• _Source information_
lemma tail_doubling: "\<exists>X\<ge>1. \<forall>x\<ge>X. \<phi> (x / 2) \<le> 5 / 4 * \<phi> x"
proof -
  have "eventually (\<lambda>x. \<phi> ((1/2) * x) / \<phi> x < 5/4) at_top"
    using tail_sv[of "1/2"] by (intro order_tendstoD) auto
  then obtain X where X: "\<And>x. X \<le> x \<Longrightarrow> \<phi> ((1/2) * x) / \<phi> x < 5/4"
    by (auto simp: eventually_at_top_linorder)
  have "\<phi> (x / 2) \<le> 5 / 4 * \<phi> x" if "max X 1 \<le> x" for x
    using X[of x] tail_pos[of x] that by (simp add: field_simps)
  then show ?thesis by (intro exI[of _ "max X 1"]) auto
qed

text \<open>Passing from level x/2 to level x adds weights with -ln p k \<le> x and total mass
  at most phi(x/2).\<close>
lemma head_entropy_halving: "0 \<le> x \<Longrightarrow> head_entropy x \<le> head_entropy (x / 2) + x * \<phi> (x / 2)"
proof -
  assume x: "0 \<le> x"
  have sub: "head (x / 2) \<subseteq> head x" using x by (intro head_mono) simp
  have "head_entropy x = head_entropy (x / 2) + (\<Sum>k\<in>head x - head (x / 2). p k * - ln (p k))"
    unfolding head_entropy_def
    using sum.subset_diff[OF sub finite_head, of "\<lambda>k. p k * - ln (p k)"] by (simp add: add.commute)
  also have "(\<Sum>k\<in>head x - head (x / 2). p k * - ln (p k)) \<le> (\<Sum>k\<in>head x - head (x / 2). p k * x)"
    by (intro sum_mono head_neg_ln_le) auto
  also have "\<dots> = x * (head_mass x - head_mass (x / 2))"
    unfolding head_mass_def using sum.subset_diff[OF sub finite_head, of p]
    by (simp add: sum_distrib_left mult.commute)
  also have "\<dots> \<le> x * \<phi> (x / 2)"
    using tail_eq[of "x / 2"] head_mass_le_one[of x] x by (intro mult_left_mono) auto
  finally show ?thesis by simp
qed

lemma head_entropy_bound: "\<exists>B\<ge>0. \<forall>x\<ge>0. head_entropy x \<le> 4 * x * \<phi> x + B"
proof -
  obtain X where X: "1 \<le> X" and halve: "\<And>x. X \<le> x \<Longrightarrow> \<phi> (x / 2) \<le> 5 / 4 * \<phi> x"
    using tail_doubling by auto
  let ?P = "\<lambda>x. head_entropy x \<le> 4 * x * \<phi> x + 2 * X"
  have small: "?P x" if "0 \<le> x" "x \<le> 2 * X" for x
  proof -
    have "0 \<le> 4 * x * \<phi> x" using tail_pos[of x] that by simp
    then show ?thesis using head_entropy_le[of x] that by linarith
  qed
  have "?P x" if "X \<le> x" for x
  proof (rule halving_induct[where P="?P", OF _ _ _ that])
    fix x assume x: "2 * X \<le> x" and IH: "?P (x / 2)"
    have "head_entropy x \<le> 3 * x * \<phi> (x / 2) + 2 * X"
      using head_entropy_halving[of x] IH x X by simp
    also have "\<dots> \<le> 3 * x * (5 / 4 * \<phi> x) + 2 * X"
      using halve[of x] x X by (intro add_right_mono mult_left_mono) auto
    also have "\<dots> \<le> 4 * x * \<phi> x + 2 * X"
      using x X tail_pos[of x] by simp
    finally show "?P x" .
  qed (use X small in auto)
  then have "?P x" if "0 \<le> x" for x using small that by (cases "X \<le> x") auto
  then show ?thesis using X by (intro exI[of _ "2 * X"]) auto
qed

text \<open>x phi(x) grows by the factor 8/5 under doubling, hence tends to infinity.\<close>
lemma x_tail_at_top: "filterlim (\<lambda>x. x * \<phi> x) at_top at_top"
proof -
  obtain X where X: "1 \<le> X" and halve: "\<And>x. X \<le> x \<Longrightarrow> \<phi> (x / 2) \<le> 5 / 4 * \<phi> x"
    using tail_doubling by auto
  show ?thesis
  proof (rule doubling_growth_at_top[where a=X and c="X * \<phi> (2 * X)" and r="8/5"])
    show "X * \<phi> (2 * X) \<le> x * \<phi> x" if "X \<le> x" "x \<le> 2 * X" for x
      using that X tail_antimono[of x "2 * X"] tail_pos[of "2 * X"] by (intro mult_mono) auto
    show "8 / 5 * (x / 2 * \<phi> (x / 2)) \<le> x * \<phi> x" if "2 * X \<le> x" for x
      using halve[of x] that X by (simp add: field_simps)
  qed (use X tail_pos[of "2 * X"] in auto)
qed

lemma tail_shift_ratio: "((\<lambda>x. \<phi> x / \<phi> (x - 1)) \<longlongrightarrow> 1) at_top"
proof (rule tendsto_sandwich[OF _ _ tail_sv_inverse[of "1/2"] tendsto_const])
  have "\<phi> x / \<phi> ((1/2) * x) \<le> \<phi> x / \<phi> (x - 1) \<and> \<phi> x / \<phi> (x - 1) \<le> 1" if "2 \<le> x" for x
    using that tail_pos[of x] tail_pos[of "x - 1"] tail_antimono[of "(1/2) * x" "x - 1"]
      tail_antimono[of "x - 1" x]
    by (auto intro!: divide_left_mono)
  then have ev: "eventually (\<lambda>x. \<phi> x / \<phi> ((1/2) * x) \<le> \<phi> x / \<phi> (x - 1) \<and> \<phi> x / \<phi> (x - 1) \<le> 1) at_top"
    by (intro eventually_at_top_linorderI[of 2]) blast
  show "eventually (\<lambda>x. \<phi> x / \<phi> ((1/2) * x) \<le> \<phi> x / \<phi> (x - 1)) at_top"
    using ev by eventually_elim blast
  show "eventually (\<lambda>x. \<phi> x / \<phi> (x - 1) \<le> 1) at_top"
    using ev by eventually_elim blast
qed simp

lemma n_eps_ge_one:
  assumes arr: "decr_arrangement (tensor_eig p) (multi_indices d) q"
    and e: "0 < \<epsilon>" "\<epsilon> < 1"
  shows "1 \<le> n_eps q \<epsilon>"
proof (rule ccontr)
  assume "\<not> 1 \<le> n_eps q \<epsilon>"
  then have "n_eps q \<epsilon> = 0" by simp
  moreover have "\<epsilon>\<^sup>2 < 1" using e by (simp add: power_less_one_iff)
  ultimately show False
    using n_eps_covers[OF tensor_arrangement_summable[OF arr] tensor_arrangement_suminf[OF arr] e(1)]
    by simp
qed

lemma head_mass_pow_le: "0 \<le> s \<Longrightarrow> head_mass s ^ d \<le> exp (- (real d * \<phi> s))"
proof -
  assume s: "0 \<le> s"
  have "head_mass s ^ d \<le> exp (- \<phi> s) ^ d"
    using tail_eq[OF s] head_mass_nonneg exp_ge_add_one_self[of "- \<phi> s"] by (intro power_mono) auto
  then show ?thesis by (simp add: exp_of_nat_mult[symmetric])
qed

text \<open>n(eps) grows without bound as d \<rightarrow> \<infinity>, since the tensor superlevel masses
  at any fixed height vanish.\<close>
lemma n_eps_at_top:
  assumes arr: "\<And>d. decr_arrangement (tensor_eig p) (multi_indices d) (q d)"
    and e: "0 < \<epsilon>" "\<epsilon> < 1"
  shows "filterlim (\<lambda>d. real (n_eps (q d) \<epsilon>)) at_top sequentially"
proof (subst filterlim_at_top, intro allI)
  fix Z :: real
  define c0 where "c0 = 1 - \<epsilon>\<^sup>2"
  have c0: "0 < c0" unfolding c0_def using e by (simp add: power_less_one_iff)
  define s where "s = ln (max 1 (2 * Z / c0))"
  have s: "0 \<le> s" "2 * Z / c0 \<le> exp s" unfolding s_def by auto
  have "(\<lambda>d. head_mass s ^ d) \<longlonglongrightarrow> 0"
    using head_mass_less_one[OF s(1)] head_mass_nonneg by (intro LIMSEQ_power_zero) simp
  then have "eventually (\<lambda>d. head_mass s ^ d < c0 / 2) sequentially"
    using c0 by (intro order_tendstoD) auto
  then show "eventually (\<lambda>d. Z \<le> real (n_eps (q d) \<epsilon>)) sequentially"
  proof eventually_elim
    case (elim d)
    have "c0 \<le> real (n_eps (q d) \<epsilon>) * exp (-s) + head_mass s ^ d"
      using n_eps_lower[OF arr[of d] e(1) exp_gt_zero[of "-s"]] tensor_superlevel_mass_head[of d s]
      unfolding c0_def by simp
    then have "c0 / 2 \<le> real (n_eps (q d) \<epsilon>) * exp (-s)" using elim by simp
    then have "c0 / 2 * exp s \<le> real (n_eps (q d) \<epsilon>)" by (simp add: exp_minus field_simps)
    moreover have "Z \<le> c0 / 2 * exp s" using s c0 by (simp add: field_simps)
    ultimately show ?case by linarith
  qed
qed

text \<open>Evaluating the lower bound for n(eps) at height 1/n(eps)^2 gives an upper bound
  for d phi(2 ln n(eps)).\<close>
lemma tail_twice_log_bound:
  assumes arr: "decr_arrangement (tensor_eig p) (multi_indices d) q"
    and e: "0 < \<epsilon>" "\<epsilon> < 1"
    and small: "inverse (real (n_eps q \<epsilon>)) < 1 - \<epsilon>\<^sup>2"
  shows "real d * \<phi> (2 * ln (real (n_eps q \<epsilon>))) \<le> - ln (1 - \<epsilon>\<^sup>2 - inverse (real (n_eps q \<epsilon>)))"
proof -
  define n where "n = real (n_eps q \<epsilon>)"
  define s where "s = 2 * ln n"
  have n: "1 \<le> n" unfolding n_def using n_eps_ge_one[OF arr e] by simp
  have s: "0 \<le> s" unfolding s_def using n by simp
  have "exp s = exp (ln n) * exp (ln n)" unfolding s_def by (simp add: exp_add[symmetric])
  then have "n * exp (-s) = inverse n" using n by (simp add: exp_minus)
  then have "1 - \<epsilon>\<^sup>2 - inverse n \<le> exp (- (real d * \<phi> s))"
    using n_eps_lower[OF arr e(1) exp_gt_zero[of "-s"]] tensor_superlevel_mass_head[of d s]
      head_mass_pow_le[OF s, of d] unfolding n_def by linarith
  then have "ln (1 - \<epsilon>\<^sup>2 - inverse n) \<le> - (real d * \<phi> s)"
    using small unfolding n_def by (metis diff_gt_0_iff_gt ln_exp ln_le_cancel_iff exp_gt_zero)
  then show ?thesis unfolding n_def s_def by simp
qed

lemma limsup_half:
  assumes arr: "\<And>d. decr_arrangement (tensor_eig p) (multi_indices d) (q d)"
    and e: "0 < \<epsilon>" "\<epsilon> < 1" and g: "0 < \<gamma>"
  shows "eventually (\<lambda>d. real d * \<phi> (ln (real (n_eps (q d) \<epsilon>))) < - ln (1 - \<epsilon>\<^sup>2) + \<gamma>) sequentially"
proof -
  define n where "n d = real (n_eps (q d) \<epsilon>)" for d
  define c0 where "c0 = 1 - \<epsilon>\<^sup>2"
  have c0: "0 < c0" unfolding c0_def using e by (simp add: power_less_one_iff)
  have n_top: "filterlim n at_top sequentially"
    unfolding n_def by (rule n_eps_at_top[OF arr e])
  have inv_n: "(\<lambda>d. inverse (n d)) \<longlonglongrightarrow> 0" by (rule tendsto_inverse_0_at_top[OF n_top])
  have "(\<lambda>d. - ln (c0 - inverse (n d))) \<longlonglongrightarrow> - ln (c0 - 0)"
    using c0 by (intro tendsto_intros inv_n) auto
  moreover have "(\<lambda>d. \<phi> (ln (n d)) / \<phi> (2 * ln (n d))) \<longlonglongrightarrow> 1"
    by (rule filterlim_compose[OF tail_sv_inverse filterlim_compose[OF ln_at_top n_top]]) simp
  ultimately have "(\<lambda>d. - ln (c0 - inverse (n d)) * (\<phi> (ln (n d)) / \<phi> (2 * ln (n d)))) \<longlonglongrightarrow> - ln c0 * 1"
    by (intro tendsto_mult) auto
  then have "eventually (\<lambda>d. - ln (c0 - inverse (n d)) * (\<phi> (ln (n d)) / \<phi> (2 * ln (n d))) < - ln c0 + \<gamma>) sequentially"
    using g by (intro order_tendstoD) auto
  moreover have "eventually (\<lambda>d. inverse (n d) < c0) sequentially"
    using inv_n c0 by (intro order_tendstoD) auto
  ultimately show ?thesis
  proof eventually_elim
    case (elim d)
    have L: "0 \<le> ln (n d)" unfolding n_def using n_eps_ge_one[OF arr e, of d] by simp
    have bound: "real d * \<phi> (2 * ln (n d)) \<le> - ln (c0 - inverse (n d))"
      using tail_twice_log_bound[OF arr e] elim(2) unfolding n_def c0_def by simp
    have "real d * \<phi> (ln (n d)) = real d * \<phi> (2 * ln (n d)) * (\<phi> (ln (n d)) / \<phi> (2 * ln (n d)))"
      using tail_pos[of "2 * ln (n d)"] L by simp
    also have "\<dots> \<le> - ln (c0 - inverse (n d)) * (\<phi> (ln (n d)) / \<phi> (2 * ln (n d)))"
      using bound tail_pos L by (intro mult_right_mono) (auto intro: less_imp_le)
    finally show ?case using elim(1) unfolding n_def c0_def by linarith
  qed
qed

• _About this task_
Look through the entries above. Copy each line in which the string "dots" occurs.

• _Finished exercise_
  also have "\<dots> = x * (head_mass x - head_mass (x / 2))"
  also have "\<dots> \<le> x * \<phi> (x / 2)"
    also have "\<dots> \<le> 3 * x * (5 / 4 * \<phi> x) + 2 * X"
    also have "\<dots> \<le> 4 * x * \<phi> x + 2 * X"
    also have "\<dots> \<le> - ln (c0 - inverse (n d)) * (\<phi> (ln (n d)) / \<phi> (2 * ln (n d)))"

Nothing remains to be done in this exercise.